### Task item
Find every line in the records below that holds the word "ultimately", and copy each one.

### Information shown
section \<open>Dependence on the exponent\<close>

lemma weighted_ratio_perturbation:
  fixes w h :: "nat \<Rightarrow> real"
  assumes I: "finite I" "J \<subseteq> I" "I \<noteq> {}"
    and w: "\<And>k. k \<in> I \<Longrightarrow> 0 < w k" and h: "\<And>k. k \<in> I \<Longrightarrow> 0 \<le> h k \<and> h k \<le> 1"
    and deficit: "(\<Sum>k\<in>I. w k * (1 - h k)) \<le> \<eta> * (\<Sum>k\<in>I. w k)"
    and \<eta>: "0 \<le> \<eta>" "\<eta> \<le> 1/2"
  shows "\<bar>(\<Sum>k\<in>J. w k * h k) / (\<Sum>k\<in>I. w k * h k) - (\<Sum>k\<in>J. w k) / (\<Sum>k\<in>I. w k)\<bar> \<le> 4 * \<eta>"
proof -
  define W where "W = (\<Sum>k\<in>I. w k)"
  define D where "D = (\<Sum>k\<in>I. w k * (1 - h k))"
  define S where "S = (\<Sum>k\<in>J. w k)"
  define d where "d = (\<Sum>k\<in>J. w k * (1 - h k))"
  have wh: "0 \<le> w k * (1 - h k)" if "k \<in> I" for k
    using w[OF that] h[OF that] by simp
  have "0 < W" unfolding W_def using I w by (intro sum_pos) auto
  have "0 \<le> d" unfolding d_def using I wh by (intro sum_nonneg) auto
  have "d \<le> D" unfolding d_def D_def using I wh by (intro sum_mono2) auto
  have "0 \<le> S" unfolding S_def using I w by (intro sum_nonneg) (auto intro: less_imp_le)
  have "S \<le> W" unfolding S_def W_def using I w by (intro sum_mono2) (auto intro: less_imp_le)
  have "D \<le> \<eta> * W" using deficit unfolding D_def W_def .
  moreover have "\<eta> * W \<le> W / 2" using \<eta> \<open>0 < W\<close> by simp
  ultimately have "W / 2 \<le> W - D" by linarith
  have "\<bar>S * D - W * d\<bar> \<le> 2 * \<eta> * (W * W)"
  proof -
    have "S * D \<le> W * (\<eta> * W)"
      using \<open>0 \<le> S\<close> \<open>S \<le> W\<close> \<open>0 \<le> d\<close> \<open>d \<le> D\<close> \<open>D \<le> \<eta> * W\<close> by (intro mult_mono) auto
    moreover have "W * d \<le> W * (\<eta> * W)"
      using \<open>d \<le> D\<close> \<open>D \<le> \<eta> * W\<close> \<open>0 < W\<close> by (intro mult_left_mono) auto
    moreover have "0 \<le> S * D" "0 \<le> W * d"
      using \<open>0 \<le> S\<close> \<open>0 \<le> d\<close> \<open>d \<le> D\<close> \<open>0 < W\<close> by simp_all
    ultimately show ?thesis by (simp add: abs_le_iff algebra_simps)
  qed
  then have "\<bar>S * D - W * d\<bar> / ((W - D) * W) \<le> (2 * \<eta> * (W * W)) / ((W / 2) * W)"
    using \<open>W / 2 \<le> W - D\<close> \<open>0 < W\<close> \<eta> by (intro frac_le mult_right_mono) auto
  moreover have "(S - d) / (W - D) - S / W = (S * D - W * d) / ((W - D) * W)"
    using \<open>W / 2 \<le> W - D\<close> \<open>0 < W\<close> by (simp add: field_simps)
  moreover have "(\<Sum>k\<in>I. w k * h k) = W - D" "(\<Sum>k\<in>J. w k * h k) = S - d"
    unfolding W_def D_def S_def d_def by (simp_all add: algebra_simps sum_subtractf)
  moreover have "(2 * \<eta> * (W * W)) / ((W / 2) * W) = 4 * \<eta>"
    using \<open>0 < W\<close> by simp
  ultimately show ?thesis
    using \<open>W / 2 \<le> W - D\<close> \<open>0 < W\<close> by (simp add: abs_divide flip: W_def S_def)
qed

lemma powr_deficit_sum_le:
  assumes "-1 < \<alpha>" "0 \<le> \<delta>"
  shows "(\<Sum>k=1..n. real k powr \<alpha> * (1 - (real k / real n) powr \<delta>))
           \<le> \<delta> * moment_const \<alpha> * power_sum \<alpha> n"
proof -
  have "1 - (real k / real n) powr \<delta> \<le> \<delta> * (ln (real n) - ln (real k))" if "k \<in> {1..n}" for k
  proof -
    define t where "t = \<delta> * (ln (real k) - ln (real n))"
    have "(real k / real n) powr \<delta> = exp t"
      using that by (simp add: powr_def ln_div t_def)
    moreover have "1 + t \<le> exp t" by (rule exp_ge_add_one_self)
    ultimately have "1 - (real k / real n) powr \<delta> \<le> - t" by linarith
    then show ?thesis by (simp add: t_def algebra_simps)
  qed
  then have "(\<Sum>k=1..n. real k powr \<alpha> * (1 - (real k / real n) powr \<delta>))
      \<le> (\<Sum>k=1..n. real k powr \<alpha> * (\<delta> * (ln (real n) - ln (real k))))"
    by (intro sum_mono mult_left_mono) auto
  also have "\<dots> = \<delta> * log_moment \<alpha> n"
    unfolding log_moment_def sum_distrib_left by (intro sum.cong) auto
  also have "\<dots> \<le> \<delta> * (moment_const \<alpha> * power_sum \<alpha> n)"
    using log_moment_le_moment_const[OF assms(1)] assms(2) by (intro mult_left_mono) auto
  finally show ?thesis by simp
qed

lemma wratio_lipschitz:
  assumes "-1 < \<alpha>" "\<alpha> \<le> \<beta>" "(\<beta> - \<alpha>) * moment_const \<alpha> \<le> 1/2"
  shows "\<bar>wratio \<beta> E n - wratio \<alpha> E n\<bar> \<le> 4 * ((\<beta> - \<alpha>) * moment_const \<alpha>)"
proof (cases "n = 0")
  case True
  then show ?thesis using assms one_le_moment_const[OF assms(1)] by (simp add: wratio_def wcnt_def)
next
  case False
  define \<delta> where "\<delta> = \<beta> - \<alpha>"
  define w where "w k = real k powr \<alpha>" for k :: nat
  define h where "h k = (real k / real n) powr \<delta>" for k :: nat
  have NI: "Npos \<inter> {1..n} = {1..n}" by (auto simp: Npos_def)
  have "real k powr \<beta> = real n powr \<delta> * (w k * h k)" if "k \<in> {1..n}" for k
    using that False by (simp add: w_def h_def \<delta>_def powr_divide powr_add[symmetric])
  then have "wcnt \<beta> E' n = real n powr \<delta> * (\<Sum>k\<in>E' \<inter> {1..n}. w k * h k)" for E'
    unfolding wcnt_def sum_distrib_left by (intro sum.cong) auto
  moreover have "real n powr \<delta> \<noteq> 0" using False by simp
  ultimately have "wratio \<beta> E n = (\<Sum>k\<in>E \<inter> {1..n}. w k * h k) / (\<Sum>k\<in>{1..n}. w k * h k)"
    unfolding wratio_def by (simp only: NI mult_divide_mult_cancel_left_if) simp
  moreover have "wratio \<alpha> E n = (\<Sum>k\<in>E \<inter> {1..n}. w k) / (\<Sum>k\<in>{1..n}. w k)"
    unfolding wratio_def wcnt_def NI w_def ..
  moreover have "\<bar>(\<Sum>k\<in>E \<inter> {1..n}. w k * h k) / (\<Sum>k\<in>{1..n}. w k * h k)
      - (\<Sum>k\<in>E \<inter> {1..n}. w k) / (\<Sum>k\<in>{1..n}. w k)\<bar> \<le> 4 * (\<delta> * moment_const \<alpha>)"
  proof (rule weighted_ratio_perturbation)
    show "(\<Sum>k\<in>{1..n}. w k * (1 - h k)) \<le> \<delta> * moment_const \<alpha> * (\<Sum>k\<in>{1..n}. w k)"
      using powr_deficit_sum_le[of \<alpha> \<delta> n] assms
      by (simp add: w_def h_def \<delta>_def power_sum_def)
    show "0 \<le> h k \<and> h k \<le> 1" if "k \<in> {1..n}" for k
      using that assms unfolding h_def \<delta>_def by (simp add: powr_le1)
    show "0 \<le> \<delta> * moment_const \<alpha>"
      using assms one_le_moment_const[OF assms(1)] by (simp add: \<delta>_def)
  qed (use False assms in \<open>auto simp: w_def \<delta>_def\<close>)
  ultimately show ?thesis by (simp add: \<delta>_def)
qed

### Response box
  ultimately have "W / 2 \<le> W - D" by linarith
    ultimately show ?thesis by (simp add: abs_le_iff algebra_simps)
  ultimately show ?thesis
    ultimately have "1 - (real k / real n) powr \<delta> \<le> - t" by linarith
  ultimately have "wratio \<beta> E n = (\<Sum>k\<in>E \<inter> {1..n}. w k * h k) / (\<Sum>k\<in>{1..n}. w k * h k)"
  ultimately show ?thesis by (simp add: \<delta>_def)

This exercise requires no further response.